Start of Provided information

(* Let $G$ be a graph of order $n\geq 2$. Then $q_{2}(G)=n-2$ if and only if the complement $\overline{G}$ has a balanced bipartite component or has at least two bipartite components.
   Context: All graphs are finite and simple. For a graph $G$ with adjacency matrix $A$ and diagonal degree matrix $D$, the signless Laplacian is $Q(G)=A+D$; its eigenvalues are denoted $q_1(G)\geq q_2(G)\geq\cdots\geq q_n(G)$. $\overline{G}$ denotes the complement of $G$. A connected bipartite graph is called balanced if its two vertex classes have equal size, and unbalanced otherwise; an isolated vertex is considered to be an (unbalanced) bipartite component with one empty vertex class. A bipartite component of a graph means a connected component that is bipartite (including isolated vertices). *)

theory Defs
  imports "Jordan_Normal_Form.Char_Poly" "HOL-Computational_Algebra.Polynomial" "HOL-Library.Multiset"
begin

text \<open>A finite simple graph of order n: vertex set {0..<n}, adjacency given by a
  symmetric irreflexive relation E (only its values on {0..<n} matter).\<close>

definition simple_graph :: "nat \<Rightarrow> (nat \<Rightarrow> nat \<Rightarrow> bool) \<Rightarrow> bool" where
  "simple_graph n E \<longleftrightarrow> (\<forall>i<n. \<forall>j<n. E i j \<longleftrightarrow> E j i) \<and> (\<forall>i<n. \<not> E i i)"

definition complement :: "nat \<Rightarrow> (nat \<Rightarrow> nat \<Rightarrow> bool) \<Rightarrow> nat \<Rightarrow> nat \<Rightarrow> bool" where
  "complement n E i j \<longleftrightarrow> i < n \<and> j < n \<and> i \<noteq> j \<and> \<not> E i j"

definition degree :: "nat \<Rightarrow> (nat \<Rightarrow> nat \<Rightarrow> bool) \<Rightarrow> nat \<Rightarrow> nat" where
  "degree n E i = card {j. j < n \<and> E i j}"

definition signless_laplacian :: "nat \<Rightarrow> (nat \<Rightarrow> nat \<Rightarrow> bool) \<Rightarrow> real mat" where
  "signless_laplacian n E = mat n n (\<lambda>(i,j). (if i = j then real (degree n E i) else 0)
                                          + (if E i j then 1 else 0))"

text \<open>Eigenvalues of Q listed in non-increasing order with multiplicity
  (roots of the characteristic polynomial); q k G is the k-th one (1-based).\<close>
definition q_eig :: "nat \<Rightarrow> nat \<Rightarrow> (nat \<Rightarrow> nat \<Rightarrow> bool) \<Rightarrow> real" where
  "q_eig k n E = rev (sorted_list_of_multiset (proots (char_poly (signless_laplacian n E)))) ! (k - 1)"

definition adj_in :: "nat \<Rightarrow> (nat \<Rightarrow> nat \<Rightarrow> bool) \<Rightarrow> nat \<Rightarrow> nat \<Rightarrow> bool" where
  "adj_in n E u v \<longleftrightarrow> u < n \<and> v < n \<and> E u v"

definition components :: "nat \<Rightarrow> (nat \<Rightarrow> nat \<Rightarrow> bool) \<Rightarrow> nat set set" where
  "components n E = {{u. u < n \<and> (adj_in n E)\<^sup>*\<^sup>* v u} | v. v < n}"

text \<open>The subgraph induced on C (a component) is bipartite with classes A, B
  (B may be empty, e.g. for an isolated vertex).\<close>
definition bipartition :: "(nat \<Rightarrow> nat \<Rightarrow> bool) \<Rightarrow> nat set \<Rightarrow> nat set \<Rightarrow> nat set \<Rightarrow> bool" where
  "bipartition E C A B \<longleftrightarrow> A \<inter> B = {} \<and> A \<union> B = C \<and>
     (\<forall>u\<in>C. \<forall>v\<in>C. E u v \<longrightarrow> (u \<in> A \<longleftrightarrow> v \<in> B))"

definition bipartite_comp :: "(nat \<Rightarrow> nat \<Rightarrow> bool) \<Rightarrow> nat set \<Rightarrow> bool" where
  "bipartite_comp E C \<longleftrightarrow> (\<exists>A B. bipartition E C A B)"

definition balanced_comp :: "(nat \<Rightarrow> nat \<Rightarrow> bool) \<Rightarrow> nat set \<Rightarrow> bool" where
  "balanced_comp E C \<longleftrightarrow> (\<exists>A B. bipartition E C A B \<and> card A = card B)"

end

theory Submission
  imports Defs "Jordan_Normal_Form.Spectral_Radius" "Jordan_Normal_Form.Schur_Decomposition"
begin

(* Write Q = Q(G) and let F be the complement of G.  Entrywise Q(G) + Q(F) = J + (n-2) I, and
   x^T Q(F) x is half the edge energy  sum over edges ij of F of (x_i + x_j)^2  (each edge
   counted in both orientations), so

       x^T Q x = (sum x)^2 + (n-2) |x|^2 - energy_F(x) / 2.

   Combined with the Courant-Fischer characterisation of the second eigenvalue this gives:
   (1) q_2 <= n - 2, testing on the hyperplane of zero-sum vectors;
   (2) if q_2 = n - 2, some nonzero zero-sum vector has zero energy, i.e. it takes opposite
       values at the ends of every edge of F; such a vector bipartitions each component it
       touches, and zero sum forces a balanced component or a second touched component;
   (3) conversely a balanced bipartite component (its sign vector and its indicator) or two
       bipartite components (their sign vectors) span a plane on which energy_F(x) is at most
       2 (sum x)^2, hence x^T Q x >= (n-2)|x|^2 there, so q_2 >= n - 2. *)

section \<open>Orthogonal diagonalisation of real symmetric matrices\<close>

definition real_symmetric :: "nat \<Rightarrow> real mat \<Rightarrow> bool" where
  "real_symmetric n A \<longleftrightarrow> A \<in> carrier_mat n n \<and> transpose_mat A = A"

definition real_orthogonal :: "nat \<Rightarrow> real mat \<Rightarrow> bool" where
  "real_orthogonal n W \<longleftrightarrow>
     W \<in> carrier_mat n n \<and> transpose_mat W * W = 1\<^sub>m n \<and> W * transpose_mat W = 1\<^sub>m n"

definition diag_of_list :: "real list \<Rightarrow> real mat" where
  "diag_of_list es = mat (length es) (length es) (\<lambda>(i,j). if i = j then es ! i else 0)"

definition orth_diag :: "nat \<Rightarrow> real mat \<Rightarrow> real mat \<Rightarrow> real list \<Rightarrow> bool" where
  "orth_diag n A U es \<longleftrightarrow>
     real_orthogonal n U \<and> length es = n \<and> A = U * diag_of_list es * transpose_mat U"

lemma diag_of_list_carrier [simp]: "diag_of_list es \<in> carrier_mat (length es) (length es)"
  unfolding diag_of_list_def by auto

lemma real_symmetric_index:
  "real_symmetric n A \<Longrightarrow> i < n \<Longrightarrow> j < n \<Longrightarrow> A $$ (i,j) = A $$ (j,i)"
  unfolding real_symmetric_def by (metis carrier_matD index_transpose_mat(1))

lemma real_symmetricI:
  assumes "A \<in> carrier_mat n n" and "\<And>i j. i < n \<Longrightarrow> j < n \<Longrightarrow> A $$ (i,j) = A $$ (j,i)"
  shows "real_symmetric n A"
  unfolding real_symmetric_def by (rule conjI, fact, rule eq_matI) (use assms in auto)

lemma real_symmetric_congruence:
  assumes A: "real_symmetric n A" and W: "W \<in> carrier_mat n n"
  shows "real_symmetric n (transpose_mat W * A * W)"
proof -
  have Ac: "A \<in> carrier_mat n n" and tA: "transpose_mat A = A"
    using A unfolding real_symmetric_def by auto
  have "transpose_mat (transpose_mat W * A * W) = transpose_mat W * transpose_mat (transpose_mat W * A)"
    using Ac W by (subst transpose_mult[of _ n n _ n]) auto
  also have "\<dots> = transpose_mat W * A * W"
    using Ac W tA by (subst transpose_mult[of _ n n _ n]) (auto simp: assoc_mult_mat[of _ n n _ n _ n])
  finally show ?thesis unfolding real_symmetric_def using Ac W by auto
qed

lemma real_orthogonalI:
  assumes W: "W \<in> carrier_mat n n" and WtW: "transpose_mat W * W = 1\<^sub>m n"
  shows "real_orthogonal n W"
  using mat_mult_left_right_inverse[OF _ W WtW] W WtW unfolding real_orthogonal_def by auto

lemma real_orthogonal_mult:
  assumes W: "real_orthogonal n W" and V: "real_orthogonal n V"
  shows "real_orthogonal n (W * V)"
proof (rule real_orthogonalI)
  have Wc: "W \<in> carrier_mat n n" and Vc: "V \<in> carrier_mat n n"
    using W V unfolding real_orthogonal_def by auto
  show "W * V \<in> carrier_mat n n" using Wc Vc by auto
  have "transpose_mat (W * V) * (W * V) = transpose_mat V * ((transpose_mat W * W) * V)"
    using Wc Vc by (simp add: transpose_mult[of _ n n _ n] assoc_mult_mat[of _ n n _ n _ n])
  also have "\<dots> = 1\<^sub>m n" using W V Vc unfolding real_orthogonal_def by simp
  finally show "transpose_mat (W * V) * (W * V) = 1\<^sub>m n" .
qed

End of Provided information

# [Requirement]
The lines wanted are those from the one with "using mat_mult_left_right_inverse[OF _" through the last line of the records, repeated exactly and with both ends included.

# [Solved exercise]
  using mat_mult_left_right_inverse[OF _ W WtW] W WtW unfolding real_orthogonal_def by auto

lemma real_orthogonal_mult:
  assumes W: "real_orthogonal n W" and V: "real_orthogonal n V"
  shows "real_orthogonal n (W * V)"
proof (rule real_orthogonalI)
  have Wc: "W \<in> carrier_mat n n" and Vc: "V \<in> carrier_mat n n"
    using W V unfolding real_orthogonal_def by auto
  show "W * V \<in> carrier_mat n n" using Wc Vc by auto
  have "transpose_mat (W * V) * (W * V) = transpose_mat V * ((transpose_mat W * W) * V)"
    using Wc Vc by (simp add: transpose_mult[of _ n n _ n] assoc_mult_mat[of _ n n _ n _ n])
  also have "\<dots> = 1\<^sub>m n" using W V Vc unfolding real_orthogonal_def by simp
  finally show "transpose_mat (W * V) * (W * V) = 1\<^sub>m n" .
qed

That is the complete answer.